Aber auch auf der Leinwand gibt es nach längerer Pause etwas Neues vom mittlerweile 84jährigen, preisgekrönten Regisseur. Mit „Nach einer wahren Geschichte“, der Adaption des Bestsellers „D’Apres Une Histoire Vraie“ von Delphine de Vigan, kehrt Polanski zu Motiven seines Frühwerks zurück. Das Kammerspiel kreist um die Themen Identität, Verrat, Abhängigkeit, Vereinnahmung und Psychopathologie.

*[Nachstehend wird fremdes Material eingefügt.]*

lemma oscillator_solution_eq_harmonic:
  fixes W Z :: "real \<Rightarrow> complex" and \<omega> T :: real
  assumes W: "\<And>x. x \<in> {0..T} \<Longrightarrow> (W has_vector_derivative of_real \<omega> * Z x) (at x within {0..T})"
    and Z: "\<And>x. x \<in> {0..T} \<Longrightarrow> (Z has_vector_derivative - of_real \<omega> * W x) (at x within {0..T})"
    and x: "x \<in> {0..T}"
  shows "W x = harmonic \<omega> (W 0) (Z 0) x" and "Z x = harmonic \<omega> (Z 0) (- W 0) x"
proof -
  define C where "C s = (of_real (cos (\<omega> * s)) :: complex)" for s
  define S where "S s = (of_real (sin (\<omega> * s)) :: complex)" for s
  note C' = has_vector_derivative_cos_sin(1)[of \<omega>, folded C_def S_def]
   and S' = has_vector_derivative_cos_sin(2)[of \<omega>, folded C_def S_def]
  have pyth: "C s * C s + S s * S s = 1" for s
    unfolding C_def S_def of_real_mult[symmetric] of_real_add[symmetric] by simp
  \<comment> \<open>Rotating (W, Z) back by the angle \<open>\<omega> s\<close> gives a pair with zero derivative.\<close>
  define E where "E s = W s * C s - Z s * S s" for s
  define F where "F s = W s * S s + Z s * C s" for s
  have E': "(E has_vector_derivative 0) (at y within {0..T})"
    and F': "(F has_vector_derivative 0) (at y within {0..T})" if "y \<in> {0..T}" for y
  proof -
    have "(E has_vector_derivative (W y * (- of_real \<omega> * S y) + of_real \<omega> * Z y * C y)
        - (Z y * (of_real \<omega> * C y) + - of_real \<omega> * W y * S y)) (at y within {0..T})"
      unfolding E_def by (intro has_vector_derivative_diff has_vector_derivative_mult W Z C' S' that)
    moreover have "(F has_vector_derivative (W y * (of_real \<omega> * C y) + of_real \<omega> * Z y * S y)
        + (Z y * (- of_real \<omega> * S y) + - of_real \<omega> * W y * C y)) (at y within {0..T})"
      unfolding F_def by (intro has_vector_derivative_add has_vector_derivative_mult W Z C' S' that)
    ultimately show "(E has_vector_derivative 0) (at y within {0..T})"
      and "(F has_vector_derivative 0) (at y within {0..T})"
      by (simp_all add: algebra_simps)
  qed
  obtain e where e: "\<And>y. y \<in> {0..T} \<Longrightarrow> E y = e"
    using has_vector_derivative_zero_constant[of "{0..T}" E] E' by blast
  obtain f where f: "\<And>y. y \<in> {0..T} \<Longrightarrow> F y = f"
    using has_vector_derivative_zero_constant[of "{0..T}" F] F' by blast
  have "0 \<in> {0..T}"
    using x by simp
  then have "E x = E 0" "F x = F 0"
    using e f x by simp_all
  moreover have "E 0 = W 0" "F 0 = Z 0"
    by (simp_all add: E_def F_def C_def S_def)
  moreover have "W x = E x * C x + F x * S x" "Z x = F x * C x - E x * S x"
  proof -
    have "W x = W x * (C x * C x + S x * S x)" "Z x = Z x * (C x * C x + S x * S x)"
      by (simp_all add: pyth)
    then show "W x = E x * C x + F x * S x" "Z x = F x * C x - E x * S x"
      by (simp_all add: E_def F_def algebra_simps)
  qed
  ultimately show "W x = harmonic \<omega> (W 0) (Z 0) x" and "Z x = harmonic \<omega> (Z 0) (- W 0) x"
    by (simp_all add: harmonic_def C_def S_def)
qed

lemma harmonic_antiperiodic_eq_zero:
  fixes a b :: complex
  assumes "cos (\<omega> * T) \<noteq> -1"
    and "harmonic \<omega> a b T = - a" and "harmonic \<omega> b (- a) T = - b"
  shows "a = 0 \<and> b = 0"
proof -
  define C S where "C = (of_real (cos (\<omega> * T)) :: complex)" and "S = (of_real (sin (\<omega> * T)) :: complex)"
  have ha: "a * (1 + C) + b * S = 0" and hb: "b * (1 + C) - a * S = 0"
    using assms(2,3) by (simp_all add: harmonic_def C_def S_def eq_neg_iff_add_eq_0 algebra_simps)
  have "C * C + S * S = 1"
    unfolding C_def S_def of_real_mult[symmetric] of_real_add[symmetric] by simp
  then have N: "(1 + C) * (1 + C) + S * S = 2 * (1 + C)"
    by (simp add: algebra_simps)
  have "1 + C = of_real (1 + cos (\<omega> * T))" "1 + cos (\<omega> * T) \<noteq> 0"
    using assms(1) by (simp_all add: C_def)
  then have nz: "2 * (1 + C) \<noteq> 0"
    by (metis mult_eq_0_iff of_real_eq_0_iff zero_neq_numeral)
  have "a * (2 * (1 + C)) = (1 + C) * (a * (1 + C) + b * S) - S * (b * (1 + C) - a * S)"
    and "b * (2 * (1 + C)) = S * (a * (1 + C) + b * S) + (1 + C) * (b * (1 + C) - a * S)"
    unfolding N[symmetric] by (simp_all add: algebra_simps)
  then show ?thesis
    using ha hb nz by simp
qed

lemma indefinite_integral_has_vector_derivative_spike:
  fixes f g :: "real \<Rightarrow> 'a::banach"
  assumes g: "continuous_on {a..b} g" and fg: "\<And>y. y \<in> {a..<b} \<Longrightarrow> f y = g y"
    and x: "x \<in> {a..b}"
  shows "((\<lambda>y. integral {a..y} f) has_vector_derivative g x) (at x within {a..b})"
proof (rule has_vector_derivative_transform[OF x _ integral_has_vector_derivative[OF g x]])
  fix y assume "y \<in> {a..b}"
  then show "integral {a..y} f = integral {a..y} g"
    using fg by (intro integral_spike[of "{b}"]) auto
qed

Die Starschriftstellerin Delphine (verkörpert von Polanskis Ehefrau Emmanuelle Seigner) wird auf einer Lesereise von der geheimnisvollen Elle (Eva Green) angesprochen. Da sie unter einer Schreibblockade leidet und sie sich einsam fühlt, weil ihr Mann für eine TV-Reportage-Reihe quer um den Globus jettet und prominente Autoren interviewt, ist sie für die Abwechslung dankbar. Da Elle als „Ghostwriterin“ vom Fach ist, sind Delphine die Tipps anfangs durchaus willkommen. Recht schnell wird aber klar, dass es sich bei Elle um eine übergriffige Stalkerin handelt, der Delphine denkbar naiv das Ruder überlässt: Sie gibt ihr das Passwort für ihren Email-Account und lässt sie auch an ihren Kleiderschrank, damit Elle die Star-Autorin bei einem lästigen Pflichttermin vertreten kann.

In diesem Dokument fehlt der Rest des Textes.